J'ai adressé au ministre de la guerre une demande de canonniers, les 6 compagnies de 300 hommes que nous avons ici étant insuffisantes pour fournir les garnisons des corvettes de pêche, péniches, bateaux canonniers, chaloupes canonnières, et servir les pièces destinées à la protection de la rade. Nous n'avons ici pas un seul canonnier marin. Ce sont les canonniers de terre qui instruisent nos soldats au canonnage de mer. J'ai fait réimprimer au nombre de 2000 exemplaires et distribuer à tous les officiers de l'armée l'école du canon du vaisseau. On fait une théorie pour les officiers et sous-officiers, et l'instruction des soldats par ce moyen va très-vite.
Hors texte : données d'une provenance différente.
lemma loop_shift_block:
  assumes y: "y \<in> markov_shift (return_loop_graph G n)" and k: "k < length (arc_loop (y i))"
  shows "y (i - int (arc_index (y i)) + int k) = loop_arc (arc_loop (y i)) k"
proof (cases "k \<le> arc_index (y i)")
  case True
  then have "i - int (arc_index (y i)) + int k = i - int (arc_index (y i) - k)" by simp
  then show ?thesis using loop_shift_back[OF y, of "arc_index (y i) - k" i] True
    by (simp add: algebra_simps)
next
  case False
  then have "i - int (arc_index (y i)) + int k = i + int (k - arc_index (y i))" by simp
  then show ?thesis using loop_shift_forward[OF y, of i "k - arc_index (y i)"] False k
    by (simp add: algebra_simps)
qed

lemma loop_shift_return:
  assumes y: "y \<in> markov_shift (return_loop_graph G n)"
  shows "arc_index (y (i + int (length (arc_loop (y i)) - arc_index (y i)))) = 0"
proof -
  let ?p = "arc_loop (y i)" and ?j = "arc_index (y i)"
  have "y (i + int (length ?p - 1 - ?j)) = loop_arc ?p (length ?p - 1)"
    using loop_shift_forward[OF y, of i "length ?p - 1 - ?j"] loop_shift_arc(2)[OF y, of i] by simp
  then have "arc_index (y (i + int (length ?p - 1 - ?j) + 1)) = 0"
    using loop_shift_wrap[OF y, of "i + int (length ?p - 1 - ?j)"] loop_shift_arc(2)[OF y, of i] by simp
  moreover have "i + int (length ?p - 1 - ?j) + 1 = i + int (length ?p - ?j)"
    using loop_shift_arc(2)[OF y, of i] by simp
  ultimately show ?thesis by simp
qed

lemma tail_loop_decode_eq_iff:
  assumes y: "y \<in> markov_shift (return_loop_graph G n)"
  shows "tail G (loop_decode y t) = n \<longleftrightarrow> arc_index (y t) = 0"
proof -
  let ?p = "arc_loop (y t)" and ?j = "arc_index (y t)"
  have p: "?p \<in> return_loops G n" "?j < length ?p" by (rule loop_shift_arc[OF y])+
  show ?thesis
  proof (cases ?j)
    case 0
    then show ?thesis using p unfolding loop_decode_def return_loops_def by (auto simp: hd_conv_nth)
  next
    case (Suc j')
    then have "head G (?p ! j') = tail G (?p ! ?j)" "head G (?p ! j') \<noteq> n"
      using p unfolding return_loops_def by auto
    then show ?thesis unfolding loop_decode_def using Suc by simp
  qed
qed

lemma head_loop_decode:
  assumes y: "y \<in> markov_shift (return_loop_graph G n)"
  shows "head G (loop_decode y t) = tail G (loop_decode y (t + 1))"
proof -
  let ?p = "arc_loop (y t)" and ?j = "arc_index (y t)"
  have p: "?p \<in> return_loops G n" "?j < length ?p" by (rule loop_shift_arc[OF y])+
  show ?thesis
  proof (cases "Suc ?j < length ?p")
    case True
    then show ?thesis
      using p loop_shift_next[OF y True] unfolding loop_decode_def return_loops_def by simp
  next
    case False
    then have "Suc ?j = length ?p" using p by simp
    then have "tail G (loop_decode y (t + 1)) = n"
      using loop_shift_wrap[OF y] tail_loop_decode_eq_iff[OF y] by simp
    moreover have "loop_decode y t = last ?p"
      using \<open>Suc ?j = length ?p\<close> unfolding loop_decode_def
      by (metis last_conv_nth diff_Suc_1 list.size(3) nat.distinct(1))
    ultimately show ?thesis using p unfolding return_loops_def by simp
  qed
qed

lemma loop_decode_in_min_recurrent:
  assumes y: "y \<in> markov_shift (return_loop_graph G n)"
  shows "loop_decode y \<in> min_recurrent G n"
  unfolding min_recurrent_def
proof (intro CollectI conjI allI)
  have "loop_decode y t \<in> arcs G" "n \<le> tail G (loop_decode y t)" for t
    using loop_shift_arc[OF y, of t] unfolding loop_decode_def return_loops_def by auto
  then show "loop_decode y \<in> markov_shift G" "n \<le> tail G (loop_decode y t)" for t
    unfolding markov_shift_def using head_loop_decode[OF y] by auto
  fix t
  show "\<exists>s>t. tail G (loop_decode y s) = n"
    using loop_shift_return[OF y, of t] loop_shift_arc(2)[OF y, of t] tail_loop_decode_eq_iff[OF y]
    by (intro exI[of _ "t + int (length (arc_loop (y t)) - arc_index (y t))"]) auto
  have "y (t - 1 - int (arc_index (y (t - 1)))) = loop_arc (arc_loop (y (t - 1))) 0"
    using loop_shift_back[OF y, of "arc_index (y (t - 1))" "t - 1"] by simp
  then show "\<exists>s<t. tail G (loop_decode y s) = n"
    using tail_loop_decode_eq_iff[OF y]
    by (intro exI[of _ "t - 1 - int (arc_index (y (t - 1)))"]) simp
qed

lemma time_since_visit_loop_decode:
  assumes y: "y \<in> markov_shift (return_loop_graph G n)"
  shows "time_since_visit G n (shift_pow i (loop_decode y)) = arc_index (y i)"
proof (rule time_since_visit_eqI)
  let ?p = "arc_loop (y i)" and ?j = "arc_index (y i)"
  have "y (i - int ?j) = loop_arc ?p 0" using loop_shift_back[OF y, of ?j i] by simp
  then show "tail G (loop_decode y (i - int ?j)) = n" using tail_loop_decode_eq_iff[OF y] by simp
  fix d assume "d < ?j"
  then have "y (i - int d) = loop_arc ?p (?j - d)" using loop_shift_back[OF y, of d i] by simp
  then show "tail G (loop_decode y (i - int d)) \<noteq> n"
    using tail_loop_decode_eq_iff[OF y] \<open>d < ?j\<close> by simp
qed

lemma time_to_next_visit_loop_decode:
  assumes y: "y \<in> markov_shift (return_loop_graph G n)"
  shows "time_to_next_visit G n (shift_pow i (loop_decode y)) =
    length (arc_loop (y i)) - arc_index (y i)"
proof (rule time_to_next_visit_eqI)
  let ?p = "arc_loop (y i)" and ?j = "arc_index (y i)"
  show "0 < length ?p - ?j" using loop_shift_arc(2)[OF y] by simp
  show "tail G (loop_decode y (i + int (length ?p - ?j))) = n"
    using loop_shift_return[OF y] tail_loop_decode_eq_iff[OF y] by simp
  fix d assume "0 < d" "d < length ?p - ?j"
  then have "y (i + int d) = loop_arc ?p (?j + d)" using loop_shift_forward[OF y, of i d] by simp
  then show "tail G (loop_decode y (i + int d)) \<noteq> n"
    using tail_loop_decode_eq_iff[OF y] \<open>0 < d\<close> by simp
qed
Il y a deux ou trois jours qu'un cutter anglais avec 7 ou 8 embarcations ont attaqué 2 de nos péniches qui étaient le long de la côte pour enlever les balises que les ennemis avaient placé entre Ostende et Flessingue. Le cutter a été frappé, et une embarcation anglaise a été coulée à fond, frappée par nos péniches et l'artillerie légère de la côte de 2 obus et autant de boulets. Il aurait été infailliblement pris par nos soldats, s'il n'avait pas été protégé par une frégate.
Quant au plan de la rade, mon Général, que vous me demandez par votre lettre du 18 ventôse, sur lequel devait être mise la ligne d'embossage, le général Andreossy a fourni à l'ingénieur en chef hydrographe de la marine le plan de la côte sur l'échelle de celui que j'ai l'honneur de vous envoyer, et dont la clef est ci-jointe.
Le travail qui va être adressé par le contre-amiral Magon au ministre de la marine peut être adapté au plan que je vous envoie. Ce dernier vous fera connaître les différentes batteries sur le front de la place et de la côte.
Il existe une grande différence entre la nourriture des matelots bataves et celle des marins français. Les premiers reçoivent de l'orge ou gruau, du beurre, du lard, du stockfish, objets qi n'existent point dans la distribution des seconds, et pour lesquels il n'y a aucune espèce d'approvisionnement. Les officiers bataves témoignent la crainte, si l'on change cette nourriture, de voir une désertion s'ensuivre. L'amiral Verhuel en a écrit au ministre de la marine ; il est très-urgent qu'on prenne un parti à cet égard.